It’s no secret that the Patrick Beverley trade positively impacted the Minnesota Timberwolves. When the Wolves traded Jarrett Culver and Juancho Hernangomez to the Memphis Grizzlies for Pat Bev, it altered their future.
Culver struggled to be a league-average player, falling in and out of rotation as a young forward. It was clear his time in Minnesota was coming to an end. Swapping Culver and Hernangomez for Beverley turned out to be one of the best off-season moves of the year.
The Wolves finished 31-23 in the regular-season games that Pat Bev started. Although it was a formidable record in the regular season, the Timberwolves lost in the playoffs with Beverley as their starter.
Pat Bev finished with 11 points per game, 4.8 assists, and 3.2 rebounds in this year’s playoffs – a respectable stat line for the 33-year-old vet. But it didn’t matter. The Memphis Grizzlies beat the Wolves in six, and it may be time for Minnesota to look at adjusting the starting lineup.
Why replace Beverley?
The Wolves learned a valuable lesson in the playoffs: They need to surround Karl-Anthony Towns with shooters; otherwise, teams will double him. Until he can find a more effective way to sort through doubles, they need to punish teams in other ways.

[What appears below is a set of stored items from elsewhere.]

lemma Vlevel_rank_eq:
  assumes j: "j \<le> \<sigma>"
  shows "\<exists>w \<in> Vl j. r w = real j"
proof -
  have "real j \<in> r ` V" using rank_image j by auto
  then obtain v where v: "v \<in> V" "r v = real j" by auto
  have wf: "wf A" by (rule finite_acyclic_wf[OF finite_A acyclic_arcs])
  obtain w where w: "w \<in> {v \<in> V. r v = real j}" "\<forall>y. (y, w) \<in> A \<longrightarrow> y \<notin> {v \<in> V. r v = real j}"
    using wf v unfolding wf_eq_minimal by (metis (mono_tags, lifting) mem_Collect_eq)
  have "\<forall>p. (p, w) \<in> A \<longrightarrow> r p > real j"
  proof (intro allI impI)
    fix p assume p: "(p, w) \<in> A"
    then have "p \<in> V" using arcs_subset by blast
    then have "r p \<noteq> real j" using w(2) p by blast
    moreover have "r w \<le> r p" using rank_arc[OF p] .
    ultimately show "r p > real j" using w(1) by simp
  qed
  then show ?thesis using w(1) by (auto simp: Vlevel_iff)
qed

lemma Vlevel_size: "Vl \<sigma> = {\<rho>}"
proof
  show "{\<rho>} \<subseteq> Vl \<sigma>" using root_in_V no_arc_into_root rank_le_size by (auto simp: Vlevel_iff)
  show "Vl \<sigma> \<subseteq> {\<rho>}"
  proof
    fix v assume v: "v \<in> Vl \<sigma>"
    show "v \<in> {\<rho>}"
    proof (rule ccontr)
      assume "v \<notin> {\<rho>}"
      then have "v \<noteq> \<rho>" by simp
      moreover have rv: "(\<rho>, v) \<in> A\<^sup>*" using root_rtrancl v by (simp add: Vlevel_iff)
      have "\<exists>p. (p, v) \<in> A" using rv \<open>v \<noteq> \<rho>\<close> by (induction rule: rtrancl_induct) auto
      then obtain p where p: "(p, v) \<in> A" by blast
      then have "r p > real \<sigma>" using v by (simp add: Vlevel_iff)
      moreover have "r p \<le> real \<sigma>" using rank_le_size p arcs_subset by blast
      ultimately show False by simp
    qed
  qed
qed

lemma SPS_size: "SP \<sigma> = {(X, {})}"
  unfolding SPS_def Vlevel_size using Sset_root Hset_root by auto

lemma SPS_cases: "P \<in> SP i \<Longrightarrow> \<exists>u \<in> Vl i. P = (S u, H u) \<or> (P = (H u, {}) \<and> H u \<noteq> {})"
  unfolding SPS_def by blast

lemma SPS_pairI: "u \<in> Vl i \<Longrightarrow> (S u, H u) \<in> SP i" unfolding SPS_def by blast

lemma SPS_Hset_pairI: "u \<in> Vl i \<Longrightarrow> H u \<noteq> {} \<Longrightarrow> (H u, {}) \<in> SP i" unfolding SPS_def by blast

Beverley only shot 34% from the three-point line this season. Teams would rather settle for a 34% shooter than a KAT possession. Fair enough. But the NBA is a league of counters, so how do the Wolves adjust?
Remove Beverley from the starting lineup. Although he’s a fan favorite, his lack of three-point shooting hinders spacing for Towns.
Malik Beasley is a candidate to replace Beverley. Beasley started 36 games last year but had his starts sliced in half this year. Malik averaged 16.8 points in the 18 games he started this season.
Beasley’s season was full of ups and downs. The same fans that saw him break the franchise record for most threes made in a game against Oklahoma City watched as he went 0-8 in Golden State. No matter how hot he was, the Wolves found success when he played well. Minnesota was 34-22 when Malik knocked down at least two threes.
He has also been developing into an average on-ball defender. Capable of stepping into passing lanes, Beasley is developing the tools to become an impact defender.
The problem is his consistency. If Malik could shoot 39% from the three more consistently, it would be impossible not to start him. Beasley is capable of it, too. There are times when Malik has been unstoppable. With his near-perfect form and excellent shot preparation, he’s poised to have a fantastic three-point shooting season.
Even when Malik was struggling, teams would never leave him open. When teams leave Beverley open, which they will willingly do, it creates the opportunity for them to double Towns.
The ideal Malik Beasley starting lineup:
PG: D’Angelo Russell
SG: Malik Beasley
SF: Anthony Edwards
Jaden McDaniels showed out in this year’s playoffs, but was it a fluke, or is Jaden arriving on the scene. The camp that believes Jaden has arrived should also believe he should start.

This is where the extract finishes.